─── DATA RECORDS
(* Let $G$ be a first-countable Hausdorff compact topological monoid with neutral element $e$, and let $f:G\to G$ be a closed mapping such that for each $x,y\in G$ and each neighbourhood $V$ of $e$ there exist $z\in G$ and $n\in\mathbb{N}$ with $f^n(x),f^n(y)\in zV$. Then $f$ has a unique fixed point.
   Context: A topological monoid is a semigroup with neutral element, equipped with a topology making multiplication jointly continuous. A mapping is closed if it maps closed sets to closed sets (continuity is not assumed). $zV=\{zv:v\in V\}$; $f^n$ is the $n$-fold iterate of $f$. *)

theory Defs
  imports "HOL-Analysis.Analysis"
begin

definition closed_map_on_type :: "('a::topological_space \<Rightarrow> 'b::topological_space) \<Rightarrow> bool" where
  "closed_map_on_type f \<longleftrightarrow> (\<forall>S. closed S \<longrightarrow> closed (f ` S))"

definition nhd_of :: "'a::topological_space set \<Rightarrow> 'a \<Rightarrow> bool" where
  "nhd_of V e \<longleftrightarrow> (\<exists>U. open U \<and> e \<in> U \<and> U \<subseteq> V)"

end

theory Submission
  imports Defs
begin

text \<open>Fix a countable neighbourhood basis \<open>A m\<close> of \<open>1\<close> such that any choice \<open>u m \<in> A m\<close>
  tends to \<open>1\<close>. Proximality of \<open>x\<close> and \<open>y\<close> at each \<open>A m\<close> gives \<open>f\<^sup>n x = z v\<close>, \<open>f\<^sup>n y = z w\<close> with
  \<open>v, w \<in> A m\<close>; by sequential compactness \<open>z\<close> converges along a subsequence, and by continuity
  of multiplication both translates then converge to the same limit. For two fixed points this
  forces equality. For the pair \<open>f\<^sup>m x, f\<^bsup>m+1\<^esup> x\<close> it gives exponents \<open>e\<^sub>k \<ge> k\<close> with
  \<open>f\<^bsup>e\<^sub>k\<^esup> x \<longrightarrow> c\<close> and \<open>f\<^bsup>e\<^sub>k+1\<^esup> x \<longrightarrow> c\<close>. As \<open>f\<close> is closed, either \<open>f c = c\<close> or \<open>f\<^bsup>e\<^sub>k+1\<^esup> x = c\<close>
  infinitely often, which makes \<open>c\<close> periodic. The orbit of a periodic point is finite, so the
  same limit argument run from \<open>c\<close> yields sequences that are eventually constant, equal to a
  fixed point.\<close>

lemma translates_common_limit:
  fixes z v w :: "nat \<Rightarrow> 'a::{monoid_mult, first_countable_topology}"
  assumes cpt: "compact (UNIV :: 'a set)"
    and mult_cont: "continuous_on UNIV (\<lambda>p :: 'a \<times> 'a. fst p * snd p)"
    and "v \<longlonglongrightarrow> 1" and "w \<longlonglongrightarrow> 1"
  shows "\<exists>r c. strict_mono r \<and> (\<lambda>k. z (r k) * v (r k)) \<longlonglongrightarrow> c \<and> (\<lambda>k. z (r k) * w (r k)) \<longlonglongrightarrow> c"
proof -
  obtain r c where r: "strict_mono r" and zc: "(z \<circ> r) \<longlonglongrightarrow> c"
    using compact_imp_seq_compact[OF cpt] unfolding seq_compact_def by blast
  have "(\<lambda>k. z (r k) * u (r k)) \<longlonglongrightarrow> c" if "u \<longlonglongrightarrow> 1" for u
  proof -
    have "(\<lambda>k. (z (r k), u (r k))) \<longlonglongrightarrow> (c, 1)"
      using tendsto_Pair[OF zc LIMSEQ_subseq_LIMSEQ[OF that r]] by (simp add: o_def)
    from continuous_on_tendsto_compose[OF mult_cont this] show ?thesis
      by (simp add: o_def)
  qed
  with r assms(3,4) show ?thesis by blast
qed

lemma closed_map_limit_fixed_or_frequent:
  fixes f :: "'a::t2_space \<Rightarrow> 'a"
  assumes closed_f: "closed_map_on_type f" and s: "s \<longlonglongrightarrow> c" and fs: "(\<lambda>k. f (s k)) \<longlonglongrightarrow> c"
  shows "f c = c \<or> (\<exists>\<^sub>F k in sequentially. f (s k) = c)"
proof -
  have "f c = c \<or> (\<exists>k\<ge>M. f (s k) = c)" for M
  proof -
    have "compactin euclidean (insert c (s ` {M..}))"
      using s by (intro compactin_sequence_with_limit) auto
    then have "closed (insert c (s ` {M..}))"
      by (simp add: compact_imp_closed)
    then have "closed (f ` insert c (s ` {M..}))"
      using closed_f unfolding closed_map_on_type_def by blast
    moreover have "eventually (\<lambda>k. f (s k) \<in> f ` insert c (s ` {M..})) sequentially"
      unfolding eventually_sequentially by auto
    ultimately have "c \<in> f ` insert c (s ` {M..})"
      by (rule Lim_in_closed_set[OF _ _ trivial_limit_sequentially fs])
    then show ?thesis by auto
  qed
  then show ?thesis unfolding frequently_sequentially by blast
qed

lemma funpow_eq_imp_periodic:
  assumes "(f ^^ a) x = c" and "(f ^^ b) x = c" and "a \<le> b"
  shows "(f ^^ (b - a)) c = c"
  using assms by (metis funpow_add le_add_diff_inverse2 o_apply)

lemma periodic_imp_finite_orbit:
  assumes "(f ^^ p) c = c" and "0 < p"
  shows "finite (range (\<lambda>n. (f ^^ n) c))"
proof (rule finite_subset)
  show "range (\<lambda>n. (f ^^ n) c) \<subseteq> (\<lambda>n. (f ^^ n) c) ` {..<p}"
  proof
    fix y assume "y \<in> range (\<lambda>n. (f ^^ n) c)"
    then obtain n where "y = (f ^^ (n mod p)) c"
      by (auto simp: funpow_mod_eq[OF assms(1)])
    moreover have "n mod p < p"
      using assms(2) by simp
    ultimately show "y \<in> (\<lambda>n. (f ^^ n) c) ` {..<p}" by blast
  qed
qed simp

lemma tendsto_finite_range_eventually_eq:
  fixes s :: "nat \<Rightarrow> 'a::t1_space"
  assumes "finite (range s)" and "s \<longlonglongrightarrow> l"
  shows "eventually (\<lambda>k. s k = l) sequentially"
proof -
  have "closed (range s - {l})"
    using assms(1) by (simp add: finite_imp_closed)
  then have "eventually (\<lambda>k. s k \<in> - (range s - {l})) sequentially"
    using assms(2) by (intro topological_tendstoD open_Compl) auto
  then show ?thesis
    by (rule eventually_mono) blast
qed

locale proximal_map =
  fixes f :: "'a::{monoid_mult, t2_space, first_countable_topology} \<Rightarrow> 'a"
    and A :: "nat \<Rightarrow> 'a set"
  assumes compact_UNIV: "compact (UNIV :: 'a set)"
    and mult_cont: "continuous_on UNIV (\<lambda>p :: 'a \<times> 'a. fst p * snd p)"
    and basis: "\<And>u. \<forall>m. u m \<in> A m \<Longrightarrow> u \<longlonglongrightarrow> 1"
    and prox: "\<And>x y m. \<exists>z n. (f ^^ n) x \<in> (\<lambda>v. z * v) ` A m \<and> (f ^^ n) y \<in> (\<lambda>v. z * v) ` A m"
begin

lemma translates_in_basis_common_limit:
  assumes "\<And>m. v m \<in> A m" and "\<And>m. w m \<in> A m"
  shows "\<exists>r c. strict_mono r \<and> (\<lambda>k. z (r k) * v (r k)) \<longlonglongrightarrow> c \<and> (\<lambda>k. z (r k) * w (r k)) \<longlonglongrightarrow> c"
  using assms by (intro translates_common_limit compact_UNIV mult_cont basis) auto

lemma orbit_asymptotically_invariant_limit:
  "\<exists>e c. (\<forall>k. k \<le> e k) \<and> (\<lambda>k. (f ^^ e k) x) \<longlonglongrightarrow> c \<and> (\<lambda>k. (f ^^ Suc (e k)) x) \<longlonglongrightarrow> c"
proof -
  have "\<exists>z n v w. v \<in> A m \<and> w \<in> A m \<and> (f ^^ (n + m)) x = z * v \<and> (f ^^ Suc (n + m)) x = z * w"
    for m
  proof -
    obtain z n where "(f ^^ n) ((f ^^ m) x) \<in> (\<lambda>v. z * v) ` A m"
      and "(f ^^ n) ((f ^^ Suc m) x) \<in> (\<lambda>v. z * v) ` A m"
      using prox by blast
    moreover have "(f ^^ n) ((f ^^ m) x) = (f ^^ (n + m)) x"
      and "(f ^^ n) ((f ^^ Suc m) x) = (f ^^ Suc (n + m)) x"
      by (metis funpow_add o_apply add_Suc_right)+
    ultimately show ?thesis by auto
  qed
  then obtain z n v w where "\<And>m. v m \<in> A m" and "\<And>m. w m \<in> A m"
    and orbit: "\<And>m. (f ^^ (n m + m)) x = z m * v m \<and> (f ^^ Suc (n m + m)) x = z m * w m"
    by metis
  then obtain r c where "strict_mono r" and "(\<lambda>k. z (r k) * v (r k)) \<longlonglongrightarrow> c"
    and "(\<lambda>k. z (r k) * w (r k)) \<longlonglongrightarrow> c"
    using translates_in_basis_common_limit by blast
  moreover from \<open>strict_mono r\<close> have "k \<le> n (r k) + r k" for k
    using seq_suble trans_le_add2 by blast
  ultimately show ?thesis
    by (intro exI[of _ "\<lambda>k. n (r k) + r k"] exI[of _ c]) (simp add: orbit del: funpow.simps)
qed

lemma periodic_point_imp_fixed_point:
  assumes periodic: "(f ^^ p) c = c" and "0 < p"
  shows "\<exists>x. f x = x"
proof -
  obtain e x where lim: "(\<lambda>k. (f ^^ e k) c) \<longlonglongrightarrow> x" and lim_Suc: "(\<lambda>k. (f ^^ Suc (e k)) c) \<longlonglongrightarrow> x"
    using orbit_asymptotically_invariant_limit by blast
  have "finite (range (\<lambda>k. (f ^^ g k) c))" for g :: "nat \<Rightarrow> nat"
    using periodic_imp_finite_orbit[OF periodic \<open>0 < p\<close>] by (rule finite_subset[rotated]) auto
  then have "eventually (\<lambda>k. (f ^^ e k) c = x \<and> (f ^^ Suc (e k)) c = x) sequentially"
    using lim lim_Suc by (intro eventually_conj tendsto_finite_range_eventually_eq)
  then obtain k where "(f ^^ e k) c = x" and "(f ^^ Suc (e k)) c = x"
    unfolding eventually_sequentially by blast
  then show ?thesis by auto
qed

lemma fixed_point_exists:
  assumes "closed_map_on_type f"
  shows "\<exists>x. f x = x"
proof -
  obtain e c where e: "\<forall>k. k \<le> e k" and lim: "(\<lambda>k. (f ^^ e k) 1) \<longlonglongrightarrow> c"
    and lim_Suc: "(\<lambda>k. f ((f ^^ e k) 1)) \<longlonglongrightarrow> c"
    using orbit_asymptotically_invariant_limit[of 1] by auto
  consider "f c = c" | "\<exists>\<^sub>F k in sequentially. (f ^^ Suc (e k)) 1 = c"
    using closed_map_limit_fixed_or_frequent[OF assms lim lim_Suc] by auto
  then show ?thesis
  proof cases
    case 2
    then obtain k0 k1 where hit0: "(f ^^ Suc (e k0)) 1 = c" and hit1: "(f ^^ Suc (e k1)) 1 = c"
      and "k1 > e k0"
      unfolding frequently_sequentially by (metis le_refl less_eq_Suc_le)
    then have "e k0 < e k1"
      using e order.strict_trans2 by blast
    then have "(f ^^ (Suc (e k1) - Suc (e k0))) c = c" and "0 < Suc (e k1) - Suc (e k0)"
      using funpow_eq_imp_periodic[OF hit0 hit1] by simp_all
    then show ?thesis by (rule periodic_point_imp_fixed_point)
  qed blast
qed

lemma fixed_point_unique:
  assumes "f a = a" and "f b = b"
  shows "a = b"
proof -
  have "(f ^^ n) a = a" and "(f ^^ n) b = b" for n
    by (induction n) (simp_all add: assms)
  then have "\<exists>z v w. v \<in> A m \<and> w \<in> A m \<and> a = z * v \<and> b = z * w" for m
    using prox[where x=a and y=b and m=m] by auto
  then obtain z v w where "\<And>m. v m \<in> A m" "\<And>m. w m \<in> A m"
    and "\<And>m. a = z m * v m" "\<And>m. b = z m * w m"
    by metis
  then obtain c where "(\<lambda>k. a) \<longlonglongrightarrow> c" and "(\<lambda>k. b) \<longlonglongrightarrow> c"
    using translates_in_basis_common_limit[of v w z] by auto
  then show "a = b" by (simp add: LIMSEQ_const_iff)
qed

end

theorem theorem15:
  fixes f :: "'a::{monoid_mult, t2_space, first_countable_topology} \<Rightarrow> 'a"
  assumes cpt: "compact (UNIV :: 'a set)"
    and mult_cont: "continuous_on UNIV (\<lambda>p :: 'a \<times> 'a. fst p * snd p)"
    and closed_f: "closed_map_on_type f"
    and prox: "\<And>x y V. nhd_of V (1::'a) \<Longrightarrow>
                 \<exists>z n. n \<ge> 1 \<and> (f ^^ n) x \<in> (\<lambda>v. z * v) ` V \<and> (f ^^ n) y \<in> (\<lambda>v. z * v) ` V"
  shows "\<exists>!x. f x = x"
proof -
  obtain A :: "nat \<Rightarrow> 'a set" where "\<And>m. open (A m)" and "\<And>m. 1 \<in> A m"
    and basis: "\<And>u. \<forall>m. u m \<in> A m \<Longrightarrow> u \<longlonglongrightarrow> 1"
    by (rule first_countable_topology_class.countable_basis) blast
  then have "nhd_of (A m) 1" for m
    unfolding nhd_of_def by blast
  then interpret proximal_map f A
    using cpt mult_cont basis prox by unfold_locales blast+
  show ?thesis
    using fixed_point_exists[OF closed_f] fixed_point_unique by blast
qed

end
──────
**EXERCISE AIM:**
Count every line that holds the word "intro" in the entries, and state the result alone.

**EXERCISE RESPONSE:**
5